FSLAA overachievers 'could be collateral damage'

A delayed start for the Financial Services Legislation Amendment Act regime is the right thing to do – but it could be a problem for proactive advice providers who had already started to move their businesses towards licensing, one financial services law expert says.

The Government has announced that the regime will now not take effect until at least March, giving advisers another nine months to complete their transitional licence application.

David Ireland, a partner at Dentons, said the delay would mean people applying for a financial advice provider (FAP) licence would have time to revisit their plans and make sure all was in order.

“While most will welcome the delay, those who had prepared themselves to go early may need to unwind things.”

He said there were a number of ways that businesses might now feel they had jumped too soon.

“Delaying FSLAA is the right thing to do but there is collateral damage at two or three different levels.”

He said some current RFAs might have decided that the new regime was one regulatory reform too many.

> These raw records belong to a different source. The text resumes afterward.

lemma part_ge_image_eq_Int:
  assumes W: "ksubspace W" and hom: "omega_homogeneous n \<omega> W"
  shows "part_ge n \<omega> a ` W = W \<inter> weight_ge_space n \<omega> a"
proof
  interpret part_ge: module_hom sc sc "part_ge n \<omega> a :: 'k::field mpoly \<Rightarrow> _"
    by (rule module_hom_part_ge)
  obtain G where G: "kspan G = W"
    "\<forall>g\<in>G. \<forall>m1\<in>Poly_Mapping.keys g. \<forall>m2\<in>Poly_Mapping.keys g. weight n \<omega> m1 = weight n \<omega> m2"
    using hom unfolding omega_homogeneous_def by blast
  have "part_ge n \<omega> a g \<in> W" if "g \<in> G" for g
  proof -
    have "g \<in> W" unfolding G(1)[symmetric] using that by (rule kvs.span_base)
    moreover have "part_ge n \<omega> a g \<in> {g, 0}"
      using that G(2) by (intro part_ge_single_weight) blast
    ultimately show ?thesis using kvs.subspace_0[OF W] by auto
  qed
  then have "kspan (part_ge n \<omega> a ` G) \<subseteq> W"
    by (intro kvs.span_minimal W) auto
  then have "part_ge n \<omega> a ` W \<subseteq> W"
    unfolding G(1)[symmetric] part_ge.span_image[symmetric] .
  moreover have "part_ge n \<omega> a ` W \<subseteq> weight_ge_space n \<omega> a"
    unfolding weight_ge_space_def by (auto simp: keys_part_ge)
  ultimately show "part_ge n \<omega> a ` W \<subseteq> W \<inter> weight_ge_space n \<omega> a" by blast
  show "W \<inter> weight_ge_space n \<omega> a \<subseteq> part_ge n \<omega> a ` W"
  proof
    fix x assume x: "x \<in> W \<inter> weight_ge_space n \<omega> a"
    then have "part_ge n \<omega> a x = x"
      unfolding part_ge_def weight_ge_space_def by (auto intro: restrict_keys_id)
    with x show "x \<in> part_ge n \<omega> a ` W" by (metis IntD1 image_eqI)
  qed
qed

lemma dim_part_ge_le_dim_part_ge_act:
  fixes W :: "'k::field mpoly set"
  assumes W: "ksubspace W" "W \<subseteq> Ad n d" and hom: "omega_homogeneous n \<omega> W"
    and b: "upper_tri_invertible n b" and \<omega>: "\<forall>i. Suc i < n \<longrightarrow> \<omega> (Suc i) \<le> \<omega> i"
  shows "kdim (part_ge n \<omega> a ` W) \<le> kdim (part_ge n \<omega> a ` act n b ` W)"
proof -
  have tri: "\<forall>i<n. \<forall>j<n. j < i \<longrightarrow> b i j = 0"
    using b unfolding upper_tri_invertible_def by blast
  obtain c where inv: "\<forall>i<n. \<forall>j<n. (\<Sum>k<n. c i k * b k j) = (if i = j then 1 else 0)"
    using b unfolding upper_tri_invertible_def by blast
  define V where "V = W \<inter> weight_ge_space n \<omega> a"
  have V: "ksubspace V"
    unfolding V_def by (intro kvs.subspace_inter W(1) subspace_weight_ge_space)
  have VAd: "V \<subseteq> kspan (mon_basis n d)"
    using W(2) unfolding V_def Ad_eq_span_mon_basis by blast
  have "act n b ` V \<subseteq> part_ge n \<omega> a ` act n b ` W"
  proof
    fix y assume "y \<in> act n b ` V"
    then obtain x where x: "x \<in> V" "y = act n b x" by blast
    then have "y \<in> weight_ge_space n \<omega> a"
      using act_weight_ge_space[OF tri \<omega>] unfolding V_def by blast
    then have "part_ge n \<omega> a y = y"
      unfolding part_ge_def weight_ge_space_def by (auto intro: restrict_keys_id)
    with x show "y \<in> part_ge n \<omega> a ` act n b ` W" unfolding V_def by (metis IntD1 image_eqI)
  qed
  moreover have "part_ge n \<omega> a ` act n b ` W \<subseteq> kspan (mon_basis n d)"
    using W(2) act_Ad part_ge_Ad unfolding Ad_eq_span_mon_basis[symmetric] by blast
  ultimately have "kdim (act n b ` V) \<le> kdim (part_ge n \<omega> a ` act n b ` W)"
    by (intro kvs.dim_mono_in_finite_span[OF finite_mon_basis])
  moreover have "kdim (act n b ` V) = kdim V"
  proof (rule kvs.dim_image_eq_if_kernel_trivial[OF module_hom_act V finite_mon_basis VAd])
    fix x assume "x \<in> V" "act n b x = 0"
    moreover have "\<forall>m\<in>Poly_Mapping.keys x. in_vars n m"
      using \<open>x \<in> V\<close> W(2) Ad_in_vars unfolding V_def by blast
    ultimately show "x = 0" using act_act_left_inverse[OF inv] by (metis module_hom.zero[OF module_hom_act])
  qed
  ultimately show ?thesis using part_ge_image_eq_Int[OF W(1) hom] unfolding V_def by simp
qed

theorem proposition3p1:
  fixes n d :: nat and \<omega> :: "nat \<Rightarrow> int" and W :: "'k::field mpoly set"
  assumes "n \<ge> 1" and "d > 0"
    and "ksubspace W" and "W \<subseteq> Ad n d"
    and "\<forall>i. Suc i < n \<longrightarrow> \<omega> (Suc i) \<le> \<omega> i" and "\<omega> (n - 1) \<ge> 0"
  shows "(\<forall>a::int. 0 \<le> a \<and> a \<le> \<omega> 0 * int d \<longrightarrow>
            int (kdim (weight_component n \<omega> a (init_space n \<omega> W)))
              = int (rk (Sset n d \<omega> a) W) - int (rk (Sset n d \<omega> (a + 1)) W))
       \<and> (omega_homogeneous n \<omega> W \<longrightarrow>
            (\<forall>b. upper_tri_invertible n b \<longrightarrow>
               list_all2 (\<le>) (alpha n d \<omega> W) (alpha n d \<omega> (act n b ` W))))"
proof (intro conjI allI impI)
  fix a :: int
  show "int (kdim (weight_component n \<omega> a (init_space n \<omega> W)))
      = int (rk (Sset n d \<omega> a) W) - int (rk (Sset n d \<omega> (a + 1)) W)"
    using dim_weight_component_init_space[OF assms(3,4), of \<omega> a]
    unfolding rk_Sset_eq_dim_part_ge[OF assms(3,4)] by simp
next
  fix b :: "nat \<Rightarrow> nat \<Rightarrow> 'k"
  assume hom: "omega_homogeneous n \<omega> W" and b: "upper_tri_invertible n b"
  have bW: "ksubspace (act n b ` W)" by (rule module_hom.subspace_image[OF module_hom_act assms(3)])
  have bW_Ad: "act n b ` W \<subseteq> Ad n d" using assms(4) act_Ad by blast
  have "rk (Sset n d \<omega> t) W \<le> rk (Sset n d \<omega> t) (act n b ` W)" for t
    unfolding rk_Sset_eq_dim_part_ge[OF assms(3,4)] rk_Sset_eq_dim_part_ge[OF bW bW_Ad]
    by (rule dim_part_ge_le_dim_part_ge_act[OF assms(3,4) hom b assms(5)])
  then show "list_all2 (\<le>) (alpha n d \<omega> W) (alpha n d \<omega> (act n b ` W))"
    unfolding alpha_def by (simp add: list_all2_conv_all_nth)
qed

end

“They might have decided they don’t want to work in the FSLAA world and [will] exit the business, sold their client base because they are getting out, committed to getting out this quarter.

“Now they find actually they could have operated under the old model and have generated income for another nine months. Given what’s happened, having trail commission coming in for nine months would have been quite good as opposed to offloading that now.”

Some advisers might have already “hitched their wagon to a particular provider train,” planning to come under their FAP because of the time pressure, he said, when they might have made a different decision with a bit more breathing room.

Many providers may also have sunk a lot of time and cost into getting systems set up that were intended to meet new requirements but would now have to be adjusted, he said.

Some had designed new platforms and processes, working on the basis that disclosure regulations would look like the drafts circulated – but it was likely that those would change between now and March as the Government had more time to finesse its requirements and consider feedback, he said.

“Organisations were starting to make decisions based on best guesses at the disclosure framework.”

Many had had to adjust their systems or build new ones that could automate some of those requirements and the investment could end up having been wasted, he said.

“Organisations in that position had to be going hell for leather to ensure they were able to comply with the new environment on June 29. They will now not be the best build to support FSLAA when it comes in at the earliest in March next year.

“People who made decisions with the best of intentions could end up with some wasted expenditure and wasted anxiety and effort.”

He said it would be important that people did not lose momentum through this period. Adviser business should not wait until the end of the year to think about progressing their licence applications, he said.

Full licensing will now not take effect until 2023.